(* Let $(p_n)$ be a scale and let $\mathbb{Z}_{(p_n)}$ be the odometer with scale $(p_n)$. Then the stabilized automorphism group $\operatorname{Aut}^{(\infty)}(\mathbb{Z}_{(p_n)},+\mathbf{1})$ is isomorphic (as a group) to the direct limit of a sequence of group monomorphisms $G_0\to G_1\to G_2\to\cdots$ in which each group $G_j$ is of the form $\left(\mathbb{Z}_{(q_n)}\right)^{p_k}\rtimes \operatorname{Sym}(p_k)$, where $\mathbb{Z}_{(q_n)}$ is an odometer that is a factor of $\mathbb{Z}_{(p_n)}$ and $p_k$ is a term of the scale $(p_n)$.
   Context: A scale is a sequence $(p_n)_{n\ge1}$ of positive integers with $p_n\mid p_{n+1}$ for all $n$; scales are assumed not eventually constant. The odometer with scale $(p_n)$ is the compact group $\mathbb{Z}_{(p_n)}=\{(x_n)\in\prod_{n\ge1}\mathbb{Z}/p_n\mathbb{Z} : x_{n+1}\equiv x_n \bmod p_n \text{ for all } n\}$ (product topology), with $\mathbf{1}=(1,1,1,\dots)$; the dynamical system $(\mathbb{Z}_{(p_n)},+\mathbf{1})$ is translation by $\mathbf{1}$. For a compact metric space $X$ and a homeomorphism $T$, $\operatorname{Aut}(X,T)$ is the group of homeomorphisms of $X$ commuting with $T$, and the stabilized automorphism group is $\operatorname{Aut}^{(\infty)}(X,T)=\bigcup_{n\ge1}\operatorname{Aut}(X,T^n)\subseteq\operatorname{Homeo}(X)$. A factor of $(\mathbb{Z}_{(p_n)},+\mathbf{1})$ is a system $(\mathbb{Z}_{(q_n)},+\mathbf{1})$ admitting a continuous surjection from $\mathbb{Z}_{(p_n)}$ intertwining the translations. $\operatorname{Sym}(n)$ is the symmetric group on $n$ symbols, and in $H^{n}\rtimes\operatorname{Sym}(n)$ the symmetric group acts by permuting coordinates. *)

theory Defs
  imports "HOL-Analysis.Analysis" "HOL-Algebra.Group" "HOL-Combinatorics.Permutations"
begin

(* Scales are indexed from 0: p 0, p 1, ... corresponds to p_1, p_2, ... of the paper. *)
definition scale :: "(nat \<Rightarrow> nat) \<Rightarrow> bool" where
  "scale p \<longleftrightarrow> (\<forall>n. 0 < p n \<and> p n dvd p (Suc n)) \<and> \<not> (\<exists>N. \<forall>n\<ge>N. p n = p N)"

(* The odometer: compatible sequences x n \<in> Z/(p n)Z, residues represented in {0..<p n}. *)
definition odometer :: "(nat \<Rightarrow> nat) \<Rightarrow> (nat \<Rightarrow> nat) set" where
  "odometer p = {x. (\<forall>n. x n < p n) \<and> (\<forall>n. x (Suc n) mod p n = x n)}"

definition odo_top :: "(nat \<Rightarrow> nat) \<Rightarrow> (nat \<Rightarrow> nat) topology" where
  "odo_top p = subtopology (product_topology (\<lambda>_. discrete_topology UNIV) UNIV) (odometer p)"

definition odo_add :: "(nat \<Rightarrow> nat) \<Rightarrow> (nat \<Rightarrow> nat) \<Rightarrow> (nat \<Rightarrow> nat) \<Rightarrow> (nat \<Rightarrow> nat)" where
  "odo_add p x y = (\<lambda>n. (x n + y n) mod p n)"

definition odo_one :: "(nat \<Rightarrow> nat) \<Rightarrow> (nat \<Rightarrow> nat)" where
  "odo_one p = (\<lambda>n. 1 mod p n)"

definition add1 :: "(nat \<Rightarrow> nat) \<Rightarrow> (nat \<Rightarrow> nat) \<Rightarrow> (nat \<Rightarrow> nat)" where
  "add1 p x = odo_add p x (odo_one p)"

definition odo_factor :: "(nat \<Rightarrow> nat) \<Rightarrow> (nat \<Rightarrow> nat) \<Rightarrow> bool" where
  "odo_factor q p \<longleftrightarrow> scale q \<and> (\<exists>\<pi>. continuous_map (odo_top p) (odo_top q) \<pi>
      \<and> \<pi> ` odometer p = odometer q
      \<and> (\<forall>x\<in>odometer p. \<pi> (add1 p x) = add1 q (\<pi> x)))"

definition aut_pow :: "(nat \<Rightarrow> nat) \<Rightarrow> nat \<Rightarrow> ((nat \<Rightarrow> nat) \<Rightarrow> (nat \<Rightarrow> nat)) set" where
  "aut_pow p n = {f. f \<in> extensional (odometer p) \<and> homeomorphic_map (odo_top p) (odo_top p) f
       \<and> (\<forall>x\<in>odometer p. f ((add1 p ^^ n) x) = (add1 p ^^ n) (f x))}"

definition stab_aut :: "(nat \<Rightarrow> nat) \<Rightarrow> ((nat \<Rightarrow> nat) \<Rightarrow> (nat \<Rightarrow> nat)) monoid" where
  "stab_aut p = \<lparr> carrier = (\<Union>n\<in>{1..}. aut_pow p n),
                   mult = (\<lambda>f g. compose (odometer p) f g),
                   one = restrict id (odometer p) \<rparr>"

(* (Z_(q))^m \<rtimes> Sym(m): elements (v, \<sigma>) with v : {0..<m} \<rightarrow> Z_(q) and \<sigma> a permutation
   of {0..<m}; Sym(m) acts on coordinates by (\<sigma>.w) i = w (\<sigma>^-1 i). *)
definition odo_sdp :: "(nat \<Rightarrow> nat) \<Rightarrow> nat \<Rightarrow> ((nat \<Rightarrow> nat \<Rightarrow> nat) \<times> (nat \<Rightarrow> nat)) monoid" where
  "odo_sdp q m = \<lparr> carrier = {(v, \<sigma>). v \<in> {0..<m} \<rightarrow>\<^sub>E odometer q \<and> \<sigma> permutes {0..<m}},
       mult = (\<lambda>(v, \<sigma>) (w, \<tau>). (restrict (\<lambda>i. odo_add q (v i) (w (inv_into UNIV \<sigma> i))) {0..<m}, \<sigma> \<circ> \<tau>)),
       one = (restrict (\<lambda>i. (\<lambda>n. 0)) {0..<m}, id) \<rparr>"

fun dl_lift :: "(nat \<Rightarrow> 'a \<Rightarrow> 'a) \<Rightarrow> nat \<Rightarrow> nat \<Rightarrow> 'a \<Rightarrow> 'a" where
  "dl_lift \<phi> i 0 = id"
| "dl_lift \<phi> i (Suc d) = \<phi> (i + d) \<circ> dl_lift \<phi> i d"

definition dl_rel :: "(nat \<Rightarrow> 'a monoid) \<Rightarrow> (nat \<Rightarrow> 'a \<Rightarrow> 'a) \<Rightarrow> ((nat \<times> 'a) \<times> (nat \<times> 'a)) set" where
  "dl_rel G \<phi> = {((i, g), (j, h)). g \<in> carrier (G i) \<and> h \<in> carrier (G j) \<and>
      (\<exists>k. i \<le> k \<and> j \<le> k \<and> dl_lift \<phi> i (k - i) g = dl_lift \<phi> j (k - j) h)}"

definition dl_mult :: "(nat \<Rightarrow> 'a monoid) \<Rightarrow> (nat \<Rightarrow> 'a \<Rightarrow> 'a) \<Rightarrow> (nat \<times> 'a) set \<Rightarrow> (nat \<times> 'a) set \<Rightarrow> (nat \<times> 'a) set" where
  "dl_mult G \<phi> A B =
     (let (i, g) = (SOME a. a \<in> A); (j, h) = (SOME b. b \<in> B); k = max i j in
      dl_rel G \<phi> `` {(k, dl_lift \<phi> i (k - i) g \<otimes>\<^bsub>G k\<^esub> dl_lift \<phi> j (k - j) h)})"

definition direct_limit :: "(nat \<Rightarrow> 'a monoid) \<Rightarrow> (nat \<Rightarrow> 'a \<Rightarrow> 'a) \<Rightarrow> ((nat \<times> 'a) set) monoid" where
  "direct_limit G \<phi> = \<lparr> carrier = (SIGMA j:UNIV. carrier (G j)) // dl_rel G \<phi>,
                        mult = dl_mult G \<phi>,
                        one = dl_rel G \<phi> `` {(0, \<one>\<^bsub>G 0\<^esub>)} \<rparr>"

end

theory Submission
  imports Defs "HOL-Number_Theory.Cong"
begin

GOAL OF THE EXERCISE: Only the number is wanted: how many lines in the entries above include the word "exists"?

ANSWER TO THIS TASK: 3